- Task details -
Give again, word for word, every line in the entries below from the line with "q \<Longrightarrow> 1" up to and including the line with "using assms(3) sqrt2_less_2", and no other line.

Source records
section \<open>Cell costs and the greedy matching\<close>

definition occupancy :: "pt multiset \<Rightarrow> cell \<Rightarrow> real" where
  "occupancy P c = real (size (filter_mset (in_cell c) P))"

definition cost :: "pt multiset \<Rightarrow> pt multiset \<Rightarrow> cell \<Rightarrow> real" where
  "cost P Q c = (if terminal c then 0 else \<bar>occupancy P c - occupancy Q c\<bar>)"

definition mixed :: "pt multiset \<Rightarrow> pt multiset \<Rightarrow> cell \<Rightarrow> bool" where
  "mixed P Q c \<longleftrightarrow> \<not> terminal c \<and> (\<exists>p\<in>#P. in_cell c p) \<and> (\<exists>q\<in>#Q. in_cell c q)"

lemma d_T_per_eq_sum_cells: "d_T_per k v P Q = (\<Sum>c\<in>cells. side (fst c) * cost P Q c)"
proof -
  have "in_cell (i, a, b) = (\<lambda>x. in_slab (fst origin) (side i) (grid_N k i) a (fst x) \<and>
      in_slab (snd origin) (side i) (grid_N k i) b (snd x))" for i a b
    by (simp add: fun_eq_iff in_cell.simps)
  then have "d_T_per k v P Q = (\<Sum>i\<in>{-1..k}. side i * (\<Sum>a<grid_N k i. \<Sum>b<grid_N k i. cost P Q (i, a, b)))"
    unfolding d_T_per_def Let_def
    by (intro sum.cong refl arg_cong2[where f="(*)"])
      (simp_all add: side_def origin_def cost_def occupancy_def cell_count_def terminal_def)
  also have "\<dots> = (\<Sum>i\<in>{-1..k}. \<Sum>a<grid_N k i. \<Sum>b<grid_N k i. side i * cost P Q (i, a, b))"
    by (simp add: sum_distrib_left)
  also have "\<dots> = (\<Sum>c\<in>cells. side (fst c) * cost P Q c)"
    unfolding cells_def by (simp add: sum.Sigma sum.cartesian_product case_prod_unfold)
  finally show ?thesis .
qed

lemma occupancy_add_mset: "occupancy (add_mset x P) c = occupancy P c + (if in_cell c x then 1 else 0)"
  by (simp add: occupancy_def)

lemma occupancy_eq_0: "(\<forall>x\<in>#P. \<not> in_cell c x) \<Longrightarrow> occupancy P c = 0"
  by (simp add: occupancy_def filter_mset_eq_conv)

lemma cost_nonneg: "0 \<le> cost P Q c"
  by (simp add: cost_def)

lemma cost_commute: "cost P Q c = cost Q P c"
  by (simp add: cost_def abs_minus_commute)

lemma mixed_commute: "mixed P Q c \<longleftrightarrow> mixed Q P c"
  by (auto simp: mixed_def)

lemma cost_add_mset_outside: "\<not> in_cell c x \<Longrightarrow> cost (add_mset x P) Q c = cost P Q c"
  by (simp add: cost_def occupancy_add_mset)

lemma cost_add_mset_both:
  "in_cell c p \<Longrightarrow> in_cell c q \<Longrightarrow> cost (add_mset p P) (add_mset q Q) c = cost P Q c"
  by (simp add: cost_def occupancy_add_mset)

lemma cost_add_mset_unmixed:
  assumes "in_cell c x" "\<not> terminal c" "\<not> mixed (add_mset x P) Q c"
  shows "cost (add_mset x P) Q c = cost P Q c + 1"
proof -
  have "occupancy Q c = 0"
    using assms by (intro occupancy_eq_0) (auto simp: mixed_def)
  moreover have "0 \<le> occupancy P c"
    by (simp add: occupancy_def)
  ultimately show ?thesis
    using assms(1,2) by (simp add: cost_def occupancy_add_mset)
qed

lemma cost_add_pair_unshared:
  assumes "in_cell c p" "\<not> in_cell c q" "\<not> terminal c" "\<not> mixed (add_mset p P) (add_mset q Q) c"
  shows "cost (add_mset p P) (add_mset q Q) c = cost P Q c + 1"
proof -
  have "\<not> mixed (add_mset p P) Q c"
    using assms(4) by (auto simp: mixed_def)
  then show ?thesis
    using assms(1-3) cost_add_mset_unmixed cost_add_mset_outside cost_commute by metis
qed

lemma d_T_per_decrease:
  assumes "\<And>c. c \<in> cells \<Longrightarrow> cost P' Q' c \<le> cost P Q c"
    and "S \<subseteq> cells" "\<And>c. c \<in> S \<Longrightarrow> cost P' Q' c + 1 \<le> cost P Q c"
  shows "d_T_per k v P' Q' + (\<Sum>c\<in>S. side (fst c)) \<le> d_T_per k v P Q"
proof -
  define gain where "gain c = side (fst c) * cost P Q c - side (fst c) * cost P' Q' c" for c
  have "side (fst c) * 1 \<le> gain c" if "c \<in> S" for c
    unfolding gain_def right_diff_distrib [symmetric]
    using assms(3)[OF that] side_pos by (intro mult_left_mono) (auto simp: less_imp_le)
  then have "(\<Sum>c\<in>S. side (fst c)) \<le> sum gain S"
    by (intro sum_mono) simp
  moreover have "side (fst c) * 0 \<le> gain c" if "c \<in> cells" for c
    unfolding gain_def right_diff_distrib [symmetric]
    using assms(1)[OF that] side_pos by (intro mult_left_mono) (auto simp: less_imp_le)
  then have "sum gain S \<le> sum gain cells"
    using assms(2) finite_cells by (intro sum_mono2) auto
  moreover have "sum gain cells = d_T_per k v P Q - d_T_per k v P' Q'"
    by (simp add: gain_def d_T_per_eq_sum_cells sum_subtractf)
  ultimately show ?thesis by simp
qed

lemma d_T_per_commute: "d_T_per k v P Q = d_T_per k v Q P"
  by (simp add: d_T_per_eq_sum_cells cost_commute)

lemma d_T_per_nonneg: "0 \<le> d_T_per k v P Q"
  by (simp add: d_T_per_eq_sum_cells cost_nonneg side_pos sum_nonneg less_imp_le)

lemma d_T_per_remove_point:
  assumes "x \<in> base_square k" "1 \<le> infdist x diag"
    and unmixed: "\<And>c. c \<in> cells \<Longrightarrow> \<not> mixed (add_mset x P) Q c"
  shows "dist x (proj x) + 4 * d_T_per k v P Q \<le> 4 * d_T_per k v (add_mset x P) Q"
proof -
  obtain c where c: "c \<in> cells" "in_cell c x" "\<not> terminal c" "dist x (proj x) \<le> 4 * side (fst c)"
    using nonterminal_cell_at_diag_scale[OF assms(1,2)] .
  have "cost P Q c' \<le> cost (add_mset x P) Q c'" if "c' \<in> cells" for c'
  proof (cases "in_cell c' x \<and> \<not> terminal c'")
    case True
    then show ?thesis
      using cost_add_mset_unmixed[OF _ _ unmixed[OF that]] by simp
  next
    case False
    then show ?thesis
      using cost_add_mset_outside[of c' x P Q] by (auto simp: cost_def)
  qed
  moreover have "cost P Q c + 1 \<le> cost (add_mset x P) Q c"
    using cost_add_mset_unmixed[OF c(2,3) unmixed[OF c(1)]] by simp
  ultimately have "d_T_per k v P Q + (\<Sum>c\<in>{c}. side (fst c)) \<le> d_T_per k v (add_mset x P) Q"
    using c(1) by (intro d_T_per_decrease) auto
  then show ?thesis
    using c(4) by simp
qed

context
  fixes p q :: pt and P Q :: "pt multiset" and c0 :: cell
  assumes c0: "c0 \<in> cells" "in_cell c0 p" "in_cell c0 q" "\<not> terminal c0"
    and lowest: "\<And>c. c \<in> cells \<Longrightarrow> mixed (add_mset p P) (add_mset q Q) c \<Longrightarrow> fst c0 \<le> fst c"
begin

lemma cost_remove_lowest_pair_unshared:
  assumes "c \<in> cells" "\<not> terminal c" "in_cell c p \<noteq> in_cell c q"
  shows "cost P Q c + 1 \<le> cost (add_mset p P) (add_mset q Q) c"
proof -
  have "fst c < fst c0"
    using in_cell_iff_above_common_cell[OF c0(1-3) assms(1)] assms(3) by force
  then have "\<not> mixed (add_mset p P) (add_mset q Q) c"
    using lowest[OF assms(1)] by (meson not_less)
  then show ?thesis
    using assms cost_add_pair_unshared[of c p q P Q] cost_add_pair_unshared[of c q p Q P]
    by (cases "in_cell c p") (simp_all add: cost_commute mixed_commute)
qed

lemma cost_remove_lowest_pair_mono:
  assumes "c \<in> cells"
  shows "cost P Q c \<le> cost (add_mset p P) (add_mset q Q) c"
proof -
  consider "terminal c" | "in_cell c p" "in_cell c q" | "\<not> in_cell c p" "\<not> in_cell c q"
    | "\<not> terminal c" "in_cell c p \<noteq> in_cell c q"
    by blast
  then show ?thesis
  proof cases
    case 1
    then show ?thesis by (simp add: cost_def)
  next
    case 2
    then show ?thesis by (simp add: cost_add_mset_both)
  next
    case 3
    then have "cost (add_mset p P) (add_mset q Q) c = cost P Q c"
      using cost_add_mset_outside cost_commute by metis
    then show ?thesis by simp
  next
    case 4
    then show ?thesis
      using cost_remove_lowest_pair_unshared[OF assms] by simp
  qed
qed

lemma child_cell_separating_pair:
  assumes "fst c0 \<noteq> -1" "x = p \<or> x = q" "x \<in> base_square k"
  obtains c where "c \<in> cells" "fst c = fst c0 - 1" "\<not> terminal c" "in_cell c x"
    "in_cell c p \<noteq> in_cell c q"
proof -
  have "-1 \<le> fst c0 - 1" "fst c0 - 1 \<le> k"
    using assms(1) c0(1) by (auto simp: cells_def)
  then obtain a b where c: "(fst c0 - 1, a, b) \<in> cells" "in_cell (fst c0 - 1, a, b) x"
    using in_cell_exists[OF assms(3)] by blast
  define c where "c = (fst c0 - 1, a, b)"
  have "parent c \<in> cells" "in_cell (parent c) x"
    using parent_in_cells[of c x] c c0(1) by (auto simp: c_def cells_def)
  moreover have "fst (parent c) = fst c0"
    by (simp add: c_def)
  ultimately have "parent c = c0"
    using in_cell_unique[OF _ c0(1)] c0(2,3) assms(2) by blast
  then have "\<not> terminal c"
    using terminal_parent c0(4) by metis
  moreover have "\<not> (in_cell c p \<and> in_cell c q)"
    using lowest[of c] c \<open>\<not> terminal c\<close> by (auto simp: c_def mixed_def)
  ultimately show ?thesis
    using that c assms(2) by (auto simp: c_def)
qed

lemma d_T_per_remove_lowest_pair:
  assumes "p \<in> base_square k" "q \<in> base_square k" "p \<noteq> q \<Longrightarrow> 1 \<le> dist p q"
  shows "dist p q + 4 * d_T_per k v P Q \<le> 4 * d_T_per k v (add_mset p P) (add_mset q Q)"
proof (cases "fst c0 = -1")
  case True
  have "dist p q \<le> sqrt 2 * side (-1)"
    using dist_le_in_square in_cell_imp_in_square c0(2,3) True by metis
  then have "p = q"
    using assms(3) sqrt2_less_2 by (force simp: side_minus_one)
  moreover have "d_T_per k v P Q + (\<Sum>c\<in>{}. side (fst c)) \<le> d_T_per k v (add_mset p P) (add_mset q Q)"
    using d_T_per_decrease[of P Q "add_mset p P" "add_mset q Q" "{}"] cost_remove_lowest_pair_mono by simp
  ultimately show ?thesis by simp
next
  case False
  obtain cp where cp: "cp \<in> cells" "fst cp = fst c0 - 1" "\<not> terminal cp" "in_cell cp p" "\<not> in_cell cp q"
    using child_cell_separating_pair[OF False _ assms(1)] by blast
  obtain cq where cq: "cq \<in> cells" "fst cq = fst c0 - 1" "\<not> terminal cq" "in_cell cq q" "\<not> in_cell cq p"
    using child_cell_separating_pair[OF False _ assms(2)] by blast
  have "cp \<noteq> cq"
    using cp cq by blast
  then have "d_T_per k v P Q + (\<Sum>c\<in>{cp, cq}. side (fst c)) \<le> d_T_per k v (add_mset p P) (add_mset q Q)"
    using cp cq cost_remove_lowest_pair_mono cost_remove_lowest_pair_unshared
    by (intro d_T_per_decrease) auto
  moreover have "dist p q \<le> 4 * side (fst c0 - 1)"
  proof -
    have "dist p q \<le> sqrt 2 * side (fst c0)"
      using dist_le_in_square in_cell_imp_in_square c0(2,3) by metis
    also have "\<dots> = sqrt 2 * (2 * side (fst c0 - 1))"
      using side_succ[of "fst c0 - 1"] by simp
    also have "\<dots> \<le> 4 * side (fst c0 - 1)"
      using sqrt2_less_2 side_pos[of "fst c0 - 1"] by simp
    finally show ?thesis .
  qed
  ultimately show ?thesis
    using \<open>cp \<noteq> cq\<close> cp(2) cq(2) side_pos[of "fst c0 - 1"] by simp
qed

- Exercise response -
  assumes "p \<in> base_square k" "q \<in> base_square k" "p \<noteq> q \<Longrightarrow> 1 \<le> dist p q"
  shows "dist p q + 4 * d_T_per k v P Q \<le> 4 * d_T_per k v (add_mset p P) (add_mset q Q)"
proof (cases "fst c0 = -1")
  case True
  have "dist p q \<le> sqrt 2 * side (-1)"
    using dist_le_in_square in_cell_imp_in_square c0(2,3) True by metis
  then have "p = q"
    using assms(3) sqrt2_less_2 by (force simp: side_minus_one)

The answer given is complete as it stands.